Reviewed by
Balazs Kovacs
Institute of Management, University of Lugano
The book opens with an introduction that tries to connect the volume's papers by asking "How do the agents in society deal with the complex reality in order to pursue their own materialistic and other possible preferences?" Other questions follow, such as "What are the relationships between social order and individual rationality?” or "What is the role of institutions?" These are very important questions that might interest most JASSS readers.
The book contains chapters that provide variations on the above themes. The first paper is a philosophy of science essay by M. Kandori - "Theory and Reality in Economics: Insights from Three Allegories" - where the author returns to the classic question of "models vs. reality" in the social sciences and discusses unequivocal examples of prediction failure of mainstream economic models and the need for a complexity approach. This contribution sets the tone for the whole book by suggesting that society is more complex than what is generally assumed in standard economic modelling.
The second part of the book - "Agent-based Models of Complex Market Exchange" - includes three papers that examine markets as a network of interacting firms and agents. In "The Dynamics of Pure Market Exchange", H. Gintis presents a multi-agent Walrasian system modelled as a Markov process in which each agent has private prices that are updated by information exchange through agent interaction. The second paper - "Analytical Solution for Agent-Based Models" by C. Guilmi, M. Gallegati, S. Landini and J. Stiglitz - presents a model of the credit market that is based on statistical mechanics models. The third paper - "The EURACE Macroeconomic Model and Simulator" by S. Cincotti, M. Roberto and A. Teglio - describes an agent-based macroeconomic framework that simulates a macro-level economy consisting of the real economy, the financial sector and the public sector. Results of this model show that banks with high rates of leverage might drastically increase the fragility of the financial system.
The third part of the book - "Social Norms as Coordinating Devices" - includes three game theory papers on the evolution of social norms. The first one - "Aspects of Naturalising the Social Contract" by B. Skyrms - explores how social norms can act as equilibrium selection devices. The second one - "The Role of Salience in the Emergence and Reproduction of Norms" by R. Sugden - discusses the role of salience in choosing between multiple equilibria and analyzes a particular traffic game called the "Right Turn Problem". The last chapter of this part - "Fairness as an Equilibrium Selection Device" by K. Binmore - presents the author’s evolutionary theory of fairness.

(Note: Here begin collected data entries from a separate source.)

(* Let $a$ be an element of a ring $K$ such that $z_0a^m+z_1a^{m-1}+\dots+z_{m-1}a=0$ for some positive integer $m$ and integers $z_0,\dots,z_{m-1}$ with $z_0>0$, and let $k=\gcd(z_0,z_1,\dots,z_{m-1})$. Suppose moreover that $d\,f(a)=0$ for some integer $d>1$ and some monic $f\in\mathbb{Z}[x]$ with $f(0)=0$. Then $k\,\varphi(a)=0$ for some monic $\varphi\in\mathbb{Z}[x]$ with $\varphi(0)=0$ and $\deg\varphi\le m$.
   Context: Rings are associative and not necessarily unital. *)

theory Defs
  imports "HOL-Computational_Algebra.Polynomial"
begin

text \<open>Rings are associative but not necessarily unital: we use the type class ring
  (no multiplicative identity). Positive powers and integer multiples are defined here.\<close>

fun ppow :: "'a::semigroup_mult \<Rightarrow> nat \<Rightarrow> 'a" where
  "ppow a 0 = undefined"
| "ppow a (Suc 0) = a"
| "ppow a (Suc (Suc n)) = a * ppow a (Suc n)"

definition natmult :: "nat \<Rightarrow> 'a::comm_monoid_add \<Rightarrow> 'a" where
  "natmult n x = (\<Sum>i<n. x)"

definition zmult :: "int \<Rightarrow> 'a::ab_group_add \<Rightarrow> 'a" where
  "zmult z x = (if 0 \<le> z then natmult (nat z) x else - natmult (nat (- z)) x)"

definition peval0 :: "int poly \<Rightarrow> 'a::ring \<Rightarrow> 'a" where
  "peval0 f a = (\<Sum>i\<in>{1..degree f}. zmult (coeff f i) (ppow a i))"

end

theory Submission
  imports Defs "HOL-Computational_Algebra.Polynomial_Factorial"
begin

text \<open>
  The polynomials \<open>h \<in> \<int>[x]\<close> with \<open>k \<cdot> (x h)(a) = 0\<close> form an ideal \<open>I\<close>. Dividing the relation
  by \<open>k\<close> puts a primitive polynomial \<open>W\<close> of degree \<open>m - 1\<close> into \<open>I\<close>, and \<open>d f\<close> gives \<open>d f' \<in> I\<close>
  for the monic \<open>f = x f'\<close>. Splitting off \<open>h = gcd W f'\<close> (monic, as it divides \<open>f'\<close>) leaves
  coprime cofactors, so the ideal \<open>{u. u h \<in> I}\<close> contains both a primitive polynomial and a
  nonzero constant. In such an ideal the leading coefficients in a fixed degree form an ideal of
  \<open>\<int>\<close> escaping every prime \<open>p\<close> (reduce modulo the \<open>p\<close>-power part of the constant, using a
  polynomial that is monic modulo \<open>p\<close>), hence containing \<open>1\<close>; this yields a monic member of the
  same degree, and multiplying back by \<open>h\<close> and \<open>x\<close> gives \<open>\<phi>\<close>.
\<close>

lemma natmult_0 [simp]: "natmult 0 x = 0"
  by (simp add: natmult_def)

lemma natmult_Suc [simp]: "natmult (Suc n) x = natmult n x + x"
  by (simp add: natmult_def)

lemma natmult_add_left: "natmult (m + n) x = natmult m x + natmult n x"
  by (induct n) (simp_all add: add.assoc)

lemma natmult_add_right: "natmult n (x + y) = natmult n x + natmult n y"
  by (induct n) (simp_all add: ac_simps)

lemma natmult_mult: "natmult (m * n) x = natmult m (natmult n x)"
  by (induct m) (simp_all add: natmult_add_left add.commute)

lemma natmult_mult_right: "natmult n (x * y) = x * natmult n (y :: 'a :: ring)"
  by (induct n) (simp_all add: distrib_left)

lemma zmult_eq_natmult_diff: "zmult u x = natmult (nat u) x - natmult (nat (- u)) x"
  by (simp add: zmult_def)

lemma zmult_of_nat_diff: "zmult (int m - int n) x = natmult m x - natmult n x"
proof -
  have "nat (int m - int n) + n = m + nat (int n - int m)" by simp
  then have "natmult (nat (int m - int n)) x + natmult n x
      = natmult m x + natmult (nat (int n - int m)) x"
    by (metis natmult_add_left)
  then show ?thesis
    unfolding zmult_eq_natmult_diff minus_diff_eq
    by (metis add_diff_cancel_right' diff_diff_eq2 diff_add_cancel add.commute)
qed

lemma zmult_add_left: "zmult (u + v) x = zmult u x + zmult v x"
proof -
  have "u + v = int (nat u + nat v) - int (nat (- u) + nat (- v))" by simp
  then have "zmult (u + v) x = natmult (nat u + nat v) x - natmult (nat (- u) + nat (- v)) x"
    by (metis zmult_of_nat_diff)
  then show ?thesis
    by (simp add: zmult_eq_natmult_diff natmult_add_left)
qed

lemma zmult_add_right: "zmult u (x + y) = zmult u x + zmult u y"
  by (simp add: zmult_eq_natmult_diff natmult_add_right algebra_simps)

lemma zmult_0_left [simp]: "zmult 0 x = 0"
  by (simp add: zmult_def)

lemma zmult_0_right [simp]: "zmult u 0 = 0"
  using zmult_add_right[of u 0 0] by simp

lemma zmult_mult_right: "zmult u (x * y) = x * zmult u (y :: 'a :: ring)"
  by (simp add: zmult_eq_natmult_diff natmult_mult_right right_diff_distrib)

lemma zmult_sum: "zmult u (sum f A) = (\<Sum>i\<in>A. zmult u (f i))"
  by (induct A rule: infinite_finite_induct) (simp_all add: zmult_add_right)

lemma zmult_natmult: "zmult u (natmult n x) = zmult (u * int n) x"
proof -
  have "u * int n = int (nat u * n) - int (nat (- u) * n)"
    by (simp add: left_diff_distrib[symmetric])
  then have "zmult (u * int n) x = natmult (nat u * n) x - natmult (nat (- u) * n) x"
    by (simp only: zmult_of_nat_diff)
  then show ?thesis
    by (simp only: zmult_eq_natmult_diff[of u] natmult_mult)
qed

lemma zmult_diff_left: "zmult (u - v) x = zmult u x - zmult v x"
  using zmult_add_left[of "u - v" v x] by (simp add: algebra_simps)

lemma zmult_diff_right: "zmult u (x - y) = zmult u x - zmult u y"
  using zmult_add_right[of u "x - y" y] by (simp add: algebra_simps)

lemma zmult_zmult: "zmult u (zmult v x) = zmult (u * v) x"
proof -
  have "u * v = u * int (nat v) - u * int (nat (- v))"
    by (simp add: right_diff_distrib[symmetric])
  then show ?thesis
    by (simp only: zmult_eq_natmult_diff[of v] zmult_diff_right zmult_natmult zmult_diff_left)
qed

text \<open>Value of \<open>x h\<close> at \<open>a\<close>: without a unit only polynomials without constant term can be
  evaluated, and these are closed under multiplication by arbitrary polynomials.\<close>

definition peval_shift :: "int poly \<Rightarrow> 'a::ring \<Rightarrow> 'a" where
  "peval_shift h a = peval0 (pCons 0 h) a"

lemma peval_shift_eq_sum:
  assumes "degree h < B"
  shows "peval_shift h a = (\<Sum>i<B. zmult (coeff h i) (ppow a (Suc i)))"
proof (cases "h = 0")
  case True
  then show ?thesis by (simp add: peval_shift_def peval0_def)
next
  case False
  have "peval_shift h a = (\<Sum>i\<in>{Suc 0..Suc (degree h)}. zmult (coeff (pCons 0 h) i) (ppow a i))"
    using False by (simp add: peval_shift_def peval0_def)
  also have "\<dots> = (\<Sum>i<Suc (degree h). zmult (coeff h i) (ppow a (Suc i)))"
    by (simp only: sum.shift_bounds_cl_Suc_ivl coeff_pCons_Suc atLeast0AtMost lessThan_Suc_atMost)
  also have "\<dots> = (\<Sum>i<B. zmult (coeff h i) (ppow a (Suc i)))"
    by (rule sum.mono_neutral_left) (use assms in \<open>auto simp: coeff_eq_0\<close>)
  finally show ?thesis .
qed

lemma peval_shift_0 [simp]: "peval_shift 0 a = 0"
  by (simp add: peval_shift_def peval0_def)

The fourth part of the book - "Corporate Organization and Governance" - revolves around the role of organizations and governance and their connection to social norms. Masahiko Aoki analyzes the corporation as a system of associational cognition. He asserts that human cognition can take place at the group level and argues that shareholders, managers and workers may respectively enact their cognitive and physical roles as if they were team members while they are actually pursuing their own individualistic payoffs. "On the Plasticity of the Corporate Form", by , analyzes organizations from a law and economics perspective. The final two papers discuss corporate governance. In "An End to Consensus? The Selective Impact of Corporate Law Reform on Financial Development", S. Deakin, P. Sarkar and A. Singh track the diffusion of hostile takeover bids in the last two decades. They show that the impact of hostile takeover on financial development has not been univocal. The final paper presents an empirical analysis of the developmental properties of government-owned banks. In this paper - "Government Banks and Growth: Theory and Evidence" - S. Andianova, P. Demetriades and A. Shortland show that government ownership was associated with higher long-run growth rates in the years prior to the onset of the global financial crisis.
It is hard to review and evaluate a collection of conference papers, especially if the papers are so wide-ranging. Most social scientists, including me, would fully agree with the idea that the world is more complex than what we find in standard economic models. Embracing complexity and the role of norms, networks and institutions is crucial. The papers in this volume address certain possibilities in this direction and this is undoubtedly an important contribution. Therefore, readers interested in these topics will find food for thought in specific chapters. Unfortunately, the volume lacks a coherent framework that connects the various essays. If the goal is to convince mainstream economists to consider complexity, interactions and networks more seriously, then a more focused, systematic approach is needed and this hardly can be found in conference books.